A Waste of Time and Money
Last Sunday afternoon I walked by Baker Park. Ellis Burruss was standing there in all his glory trying to obtain signatures for his petition drive. I considered going over and having a chat with him, but I wasn’t sure I could be nice, so I refrained.
The petition drive’s goal is to obtain enough signatures to force a special election for the selection of the county’s charter writing board. The majority of people behind this initiative didn’t even apply for a position when applications were sought and are now acting out because they don’t approve of the current Board of County Commissioners or their selections for the charter writing board.
Mr. Burruss’ initiative, along with a small group of other people, could potentially cost taxpayers a lot of money. The Frederick County Board of Elections has estimated that a special election to pick this board would cost the county at least $250,000.
Some pro-petition people will try to justify this number by saying that it breaks down to mere cents per taxpayer, but they are missing the point. The county is currently in a dire financial position and we – the taxpayers – can’t afford to have a special election on a topic that we will have the opportunity to vote on at a later date without any additional cost.
Important programs are being defunded and jobs are being eliminated, so why on earth would any taxpayer want to spend an additional quarter of a million dollars that we don’t have?

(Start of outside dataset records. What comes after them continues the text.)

(* Let $G$ be an edge-colored graph of order $n\geq3$. If $e(G)+c(G)\geq\binom{n+1}{2}$ and $G$ contains exactly one rainbow triangle, then $e(G)+c(G)=\binom{n+1}{2}$ and $G$ is complete.
   Context: An edge-colored graph is a finite simple graph $G$ with a map $C:E(G)\to\mathbb{N}$. $e(G)=|E(G)|$, $c(G)$ is the number of distinct colors appearing on $E(G)$. A subgraph is rainbow if all its edges have distinct colors. *)

theory Defs
  imports Main
begin

(* A finite simple graph: finite vertex set V and edge set E of 2-element subsets of V.
   An edge-coloring is a map C from edges to nat (only values on E matter). *)
definition simple_graph :: "'a set \<Rightarrow> 'a set set \<Rightarrow> bool" where
  "simple_graph V E \<longleftrightarrow> finite V \<and> E \<subseteq> {e. e \<subseteq> V \<and> card e = 2}"

definition num_colors :: "'a set set \<Rightarrow> ('a set \<Rightarrow> nat) \<Rightarrow> nat" where
  "num_colors E C = card (C ` E)"

definition rainbow_triangles :: "'a set set \<Rightarrow> ('a set \<Rightarrow> nat) \<Rightarrow> 'a set set" where
  "rainbow_triangles E C = {{x, y, z} | x y z.
     x \<noteq> y \<and> y \<noteq> z \<and> x \<noteq> z \<and>
     {x, y} \<in> E \<and> {y, z} \<in> E \<and> {x, z} \<in> E \<and>
     C {x, y} \<noteq> C {y, z} \<and> C {y, z} \<noteq> C {x, z} \<and> C {x, y} \<noteq> C {x, z}}"

definition complete_graph :: "'a set \<Rightarrow> 'a set set \<Rightarrow> bool" where
  "complete_graph V E \<longleftrightarrow> E = {e. e \<subseteq> V \<and> card e = 2}"

end

(* A rainbow-triangle-free graph G on n \<ge> 1 vertices satisfies e(G) + c(G) \<le> C(n+1,2) - 1, and
   even e(G) + c(G) \<le> C(n+1,2) - 2 unless G is complete. This is proved by induction on n:
   deleting a vertex v loses its d(v) edges and at most the s(v) colours seen only at v, and a
   counting argument over private neighbours finds a vertex with d(v) + s(v) \<le> n, with room for
   the completeness bonus.

   Now let T be the unique rainbow triangle of G and e, f two of its sides. If the colour of e
   appears elsewhere, deleting e keeps all colours and leaves an incomplete rainbow-free graph,
   so e(G) + c(G) \<le> C(n+1,2) - 1. Otherwise recolouring e with the colour of f destroys T,
   creates no new rainbow triangle and loses exactly one colour, so
   e(G) + c(G) - 1 \<le> C(n+1,2) - 1 - [G incomplete]. *)

theory Submission
  imports Defs "HOL-Library.Ramsey"
begin

definition neighbours :: "'a set set \<Rightarrow> 'a \<Rightarrow> 'a set" where
  "neighbours E v = {w. {v, w} \<in> E}"

definition delete_vertex :: "'a set set \<Rightarrow> 'a \<Rightarrow> 'a set set" where
  "delete_vertex E v = {e \<in> E. v \<notin> e}"

definition private_colours :: "'a set set \<Rightarrow> ('a set \<Rightarrow> 'c) \<Rightarrow> 'a \<Rightarrow> 'c set" where
  "private_colours E C v = C ` E - C ` delete_vertex E v"

lemma two_subsets_eq_nsets: "{e. e \<subseteq> V \<and> card e = 2} = [V]\<^bsup>2\<^esup>"
  by (auto simp: nsets_def intro: card_ge_0_finite)

lemma simple_graph_iff: "simple_graph V E \<longleftrightarrow> finite V \<and> E \<subseteq> [V]\<^bsup>2\<^esup>"
  by (simp add: simple_graph_def two_subsets_eq_nsets)

lemma complete_graph_iff: "complete_graph V E \<longleftrightarrow> E = [V]\<^bsup>2\<^esup>"
  by (simp add: complete_graph_def two_subsets_eq_nsets)

lemma simple_graph_finite_edges: "simple_graph V E \<Longrightarrow> finite E"
  by (auto simp: simple_graph_iff intro: finite_subset finite_imp_finite_nsets)

lemma simple_graph_edge_endpoints:
  "simple_graph V E \<Longrightarrow> {v, w} \<in> E \<Longrightarrow> v \<in> V \<and> w \<in> V \<and> v \<noteq> w"
  unfolding simple_graph_iff by (metis doubleton_in_nsets_2 subsetD)

lemma neighbours_subset: "simple_graph V E \<Longrightarrow> neighbours E v \<subseteq> V - {v}"
  by (auto simp: neighbours_def dest: simple_graph_edge_endpoints)

lemma card_neighbours_less: "simple_graph V E \<Longrightarrow> v \<in> V \<Longrightarrow> card (neighbours E v) < card V"
  by (metis neighbours_subset card_Diff1_less card_mono simple_graph_iff finite_Diff le_less_trans)

lemma card_neighbours_non_edge:
  assumes sg: "simple_graph V E" and uw: "{u, w} \<in> [V]\<^bsup>2\<^esup>" "{u, w} \<notin> E"
  shows "card (neighbours E u) + 2 \<le> card V"
proof -
  have "neighbours E u \<subseteq> V - {u, w}"
    using neighbours_subset[OF sg, of u] uw(2) by (auto simp: neighbours_def)
  then have "card (neighbours E u) \<le> card (V - {u, w})"
    using sg by (intro card_mono) (auto simp: simple_graph_iff)
  moreover have "card {u, w} \<le> card V"
    using sg uw(1) by (intro card_mono) (auto simp: simple_graph_iff)
  ultimately show ?thesis
    using sg uw(1) by (auto simp: simple_graph_iff card_Diff_subset)
qed

lemma card_edges_delete_vertex:
  assumes sg: "simple_graph V E"
  shows "card E = card (delete_vertex E v) + card (neighbours E v)"
proof -
  have at_v: "{e \<in> E. v \<in> e} = (\<lambda>w. {v, w}) ` neighbours E v"
  proof (intro equalityI subsetI)
    fix e assume e: "e \<in> {e \<in> E. v \<in> e}"
    then have "e \<in> [V]\<^bsup>2\<^esup>"
      using sg by (auto simp: simple_graph_iff)
    then obtain x y where "e = {x, y}"
      by (rule nsets2_E)
    with e show "e \<in> (\<lambda>w. {v, w}) ` neighbours E v"
      by (auto simp: neighbours_def insert_commute)
  qed (auto simp: neighbours_def)
  have "inj_on (\<lambda>w. {v, w}) (neighbours E v)"
    by (rule inj_onI) (auto simp: doubleton_eq_iff)
  then have "card {e \<in> E. v \<in> e} = card (neighbours E v)"
    by (simp add: at_v card_image)
  moreover have "card E = card (delete_vertex E v) + card {e \<in> E. v \<in> e}"
    using simple_graph_finite_edges[OF sg]
    by (subst card_Un_disjoint[symmetric]) (auto simp: delete_vertex_def intro!: arg_cong[where f = card])
  ultimately show ?thesis by simp
qed

lemma card_colours_le:
  assumes "finite E"
  shows "card (C ` E) \<le> card (C ` delete_vertex E v) + card (private_colours E C v)"
proof -
  have "card (C ` E) \<le> card (C ` delete_vertex E v \<union> private_colours E C v)"
    using assms by (intro card_mono) (auto simp: private_colours_def delete_vertex_def)
  also have "\<dots> \<le> card (C ` delete_vertex E v) + card (private_colours E C v)"
    by (rule card_Un_le)
  finally show ?thesis .
qed

lemma simple_graph_delete_vertex:
  "simple_graph V E \<Longrightarrow> simple_graph (V - {v}) (delete_vertex E v)"
  unfolding simple_graph_def delete_vertex_def by auto

lemma complete_graph_delete_vertex:
  "complete_graph V E \<Longrightarrow> complete_graph (V - {v}) (delete_vertex E v)"
  unfolding complete_graph_def delete_vertex_def by auto

lemma not_complete_graph_delete_vertex:
  "{u, w} \<in> [V]\<^bsup>2\<^esup> \<Longrightarrow> {u, w} \<notin> E \<Longrightarrow> v \<notin> {u, w}
    \<Longrightarrow> \<not> complete_graph (V - {v}) (delete_vertex E v)"
  unfolding complete_graph_iff delete_vertex_def
  by (metis (no_types, lifting) Diff_iff doubleton_in_nsets_2 insertCI mem_Collect_eq singletonD)

lemma rainbow_triangles_mono: "E' \<subseteq> E \<Longrightarrow> rainbow_triangles E' C \<subseteq> rainbow_triangles E C"
  unfolding rainbow_triangles_def by blast

text \<open>Choosing one edge at \<open>v\<close> of each private colour of \<open>v\<close> yields private neighbours
  that are pairwise non-adjacent: an edge between two of them would carry a colour that is
  not private to \<open>v\<close>, hence distinct from both, and would close a rainbow triangle.\<close>

lemma independent_private_neighbours:
  assumes sg: "simple_graph V E" and rainbow_free: "rainbow_triangles E C = {}"
  shows "\<exists>X \<subseteq> neighbours E v. card X = card (private_colours E C v) \<and>
    (\<forall>x\<in>X. \<forall>y\<in>X. {x, y} \<notin> E)"
proof -
  have "\<forall>c \<in> private_colours E C v. \<exists>w. {v, w} \<in> E \<and> C {v, w} = c"
  proof
    fix c assume "c \<in> private_colours E C v"
    from \<open>c \<in> private_colours E C v\<close> obtain e where e: "e \<in> E" "C e = c" "v \<in> e"
      by (auto simp: private_colours_def delete_vertex_def)
    then have "e \<in> [V]\<^bsup>2\<^esup>"
      using sg by (auto simp: simple_graph_iff)
    then obtain x y where "e = {x, y}"
      by (rule nsets2_E)
    with e show "\<exists>w. {v, w} \<in> E \<and> C {v, w} = c"
      by (auto simp: insert_commute)
  qed
  from bchoice[OF this] obtain f
    where f: "\<forall>c \<in> private_colours E C v. {v, f c} \<in> E \<and> C {v, f c} = c" ..
  define X where "X = f ` private_colours E C v"
  have "inj_on f (private_colours E C v)"
    using f by (intro inj_onI) metis
  then have "card X = card (private_colours E C v)"
    by (simp add: X_def card_image)
  moreover have "X \<subseteq> neighbours E v"
    using f by (auto simp: X_def neighbours_def)
  moreover have "{x, y} \<notin> E" if "x \<in> X" "y \<in> X" for x y
  proof
    assume xy: "{x, y} \<in> E"
    obtain a b where ab: "a \<in> private_colours E C v" "b \<in> private_colours E C v" "x = f a" "y = f b"
      using \<open>x \<in> X\<close> \<open>y \<in> X\<close> by (auto simp: X_def)
    have vx: "{v, x} \<in> E" "C {v, x} = a" and vy: "{v, y} \<in> E" "C {v, y} = b"
      using f ab by auto
    have distinct: "v \<noteq> x" "v \<noteq> y" "x \<noteq> y"
      using simple_graph_edge_endpoints[OF sg] vx(1) vy(1) xy by auto
    then have "a \<noteq> b"
      using ab by auto
    have "{x, y} \<in> delete_vertex E v"
      using xy distinct by (auto simp: delete_vertex_def)
    then have "C {x, y} \<noteq> a" "C {x, y} \<noteq> b"
      using ab(1,2) unfolding private_colours_def by (metis DiffD2 imageI)+
    then have "{v, x, y} \<in> rainbow_triangles E C"
      unfolding rainbow_triangles_def using vx vy xy distinct \<open>a \<noteq> b\<close>
      by (smt (verit) mem_Collect_eq)
    with rainbow_free show False
      by simp
  qed
  ultimately show ?thesis
    by blast
qed

lemma card_neighbours_add_independent_le:
  assumes sg: "simple_graph V E" and "X \<subseteq> V" and independent: "\<forall>x\<in>X. \<forall>y\<in>X. {x, y} \<notin> E"
    and "x \<in> X"
  shows "card (neighbours E x) + card X \<le> card V"
proof -
  have fin: "finite V"
    using sg by (simp add: simple_graph_iff)
  have "neighbours E x \<subseteq> V - X"
    using neighbours_subset[OF sg, of x] independent \<open>x \<in> X\<close> by (auto simp: neighbours_def)
  then have "card (neighbours E x) \<le> card (V - X)"
    using fin by (intro card_mono) auto
  moreover have "card X \<le> card V"
    using \<open>X \<subseteq> V\<close> fin by (rule card_mono[rotated])
  ultimately show ?thesis
    using \<open>X \<subseteq> V\<close> fin by (simp add: card_Diff_subset finite_subset)
qed

text \<open>For \<open>v\<close> with the most private colours, every private neighbour \<open>x\<close> of \<open>v\<close> satisfies
  \<open>d(x) + s(v) \<le> n \<le> d(x) + s(x) \<le> d(x) + s(v)\<close>: it is tight and again has the most private
  colours. Applied to \<open>x\<close>, this makes \<open>x\<close> and its at least two private neighbours tight.\<close>

lemma three_tight_vertices:
  fixes C :: "'a set \<Rightarrow> nat"
  assumes sg: "simple_graph V E" and rainbow_free: "rainbow_triangles E C = {}" and "V \<noteq> {}"
    and two_private: "\<And>v. v \<in> V \<Longrightarrow> 2 \<le> card (private_colours E C v)"
    and lower: "\<And>v. v \<in> V \<Longrightarrow> card V \<le> card (neighbours E v) + card (private_colours E C v)"
  shows "3 \<le> card {v \<in> V. card (neighbours E v) + card (private_colours E C v) = card V}"
    (is "3 \<le> card ?tight")
proof -
  define d where "d v = card (neighbours E v)" for v
  define s where "s v = card (private_colours E C v)" for v
  have fin: "finite V"
    using sg by (simp add: simple_graph_iff)
  obtain X where X: "\<And>v. X v \<subseteq> neighbours E v" "\<And>v. card (X v) = s v"
    "\<And>v. \<forall>x\<in>X v. \<forall>y\<in>X v. {x, y} \<notin> E"
    using independent_private_neighbours[OF sg rainbow_free] unfolding s_def by metis
  have X_sub: "X v \<subseteq> V - {v}" for v
    using X(1) neighbours_subset[OF sg] by blast
  have private_neighbour_bound: "d x + s v \<le> card V" if "x \<in> X v" for v x
    using card_neighbours_add_independent_le[OF sg _ X(3) that] X_sub X(2) unfolding d_def
    by (metis Diff_subset subset_trans)
  define m where "m = Max (s ` V)"
  have s_le_m: "s v \<le> m" if "v \<in> V" for v
    using fin that by (simp add: m_def)
  have "m \<in> s ` V"
    using fin \<open>V \<noteq> {}\<close> unfolding m_def by (intro Max_in) auto
  then obtain v0 where v0: "v0 \<in> V" "s v0 = m"
    by blast
  have propagate: "x \<in> ?tight \<and> s x = m" if "s v = m" "x \<in> X v" for v x
  proof -
    have "x \<in> V"
      using X_sub that(2) by blast
    with lower[of x] s_le_m[of x] private_neighbour_bound[OF that(2)] that(1) show ?thesis
      unfolding d_def s_def by auto
  qed
  obtain x0 where x0: "x0 \<in> X v0"
    using X(2)[of v0] two_private[OF v0(1)] unfolding s_def by (metis card.empty ex_in_conv not_numeral_le_zero)
  then have x0_tight: "x0 \<in> ?tight" "s x0 = m"
    using propagate v0(2) by blast+
  have "2 \<le> s x0"
    using two_private x0_tight(1) unfolding s_def by blast
  then have "3 \<le> card (insert x0 (X x0))"
    using X(2)[of x0] X_sub[of x0] fin by (simp add: finite_subset[of _ V] subset_Diff_insert)
  also have "\<dots> \<le> card ?tight"
    using propagate[OF x0_tight(2)] x0_tight(1) fin by (intro card_mono) auto
  finally show ?thesis .
qed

Enough with the sour grapes! I’m not thrilled with some of the charter board member selections, but the process to appoint them was done according to provisions laid out in the Maryland Constitution. The county commissioners advertised several times that it was seeking applicants. Applicant interviews were held in an open meeting and were televised.
The members of the appointed charter writing board are already making great strides to be open and transparent. Members are using both social media and traditional media to engage voters in the process and share updates and developments with the board’s progress. All of their future meetings will be open to the public and they have encouraged participation from the community.
There will be plenty of opportunities for public input during the next 18 months. Let the charter writing board do the work that they were appointed to do. Once they have produced a document, we will all have access to it and will be given the opportunity to vote on whether or not we support changing our form of government.
Until then, it’s time for all of us to be fiscally responsible and allow the existing charter board to do its work. We’ll have a chance to vote on whether we approve of their final product or not; and the majority will again prevail.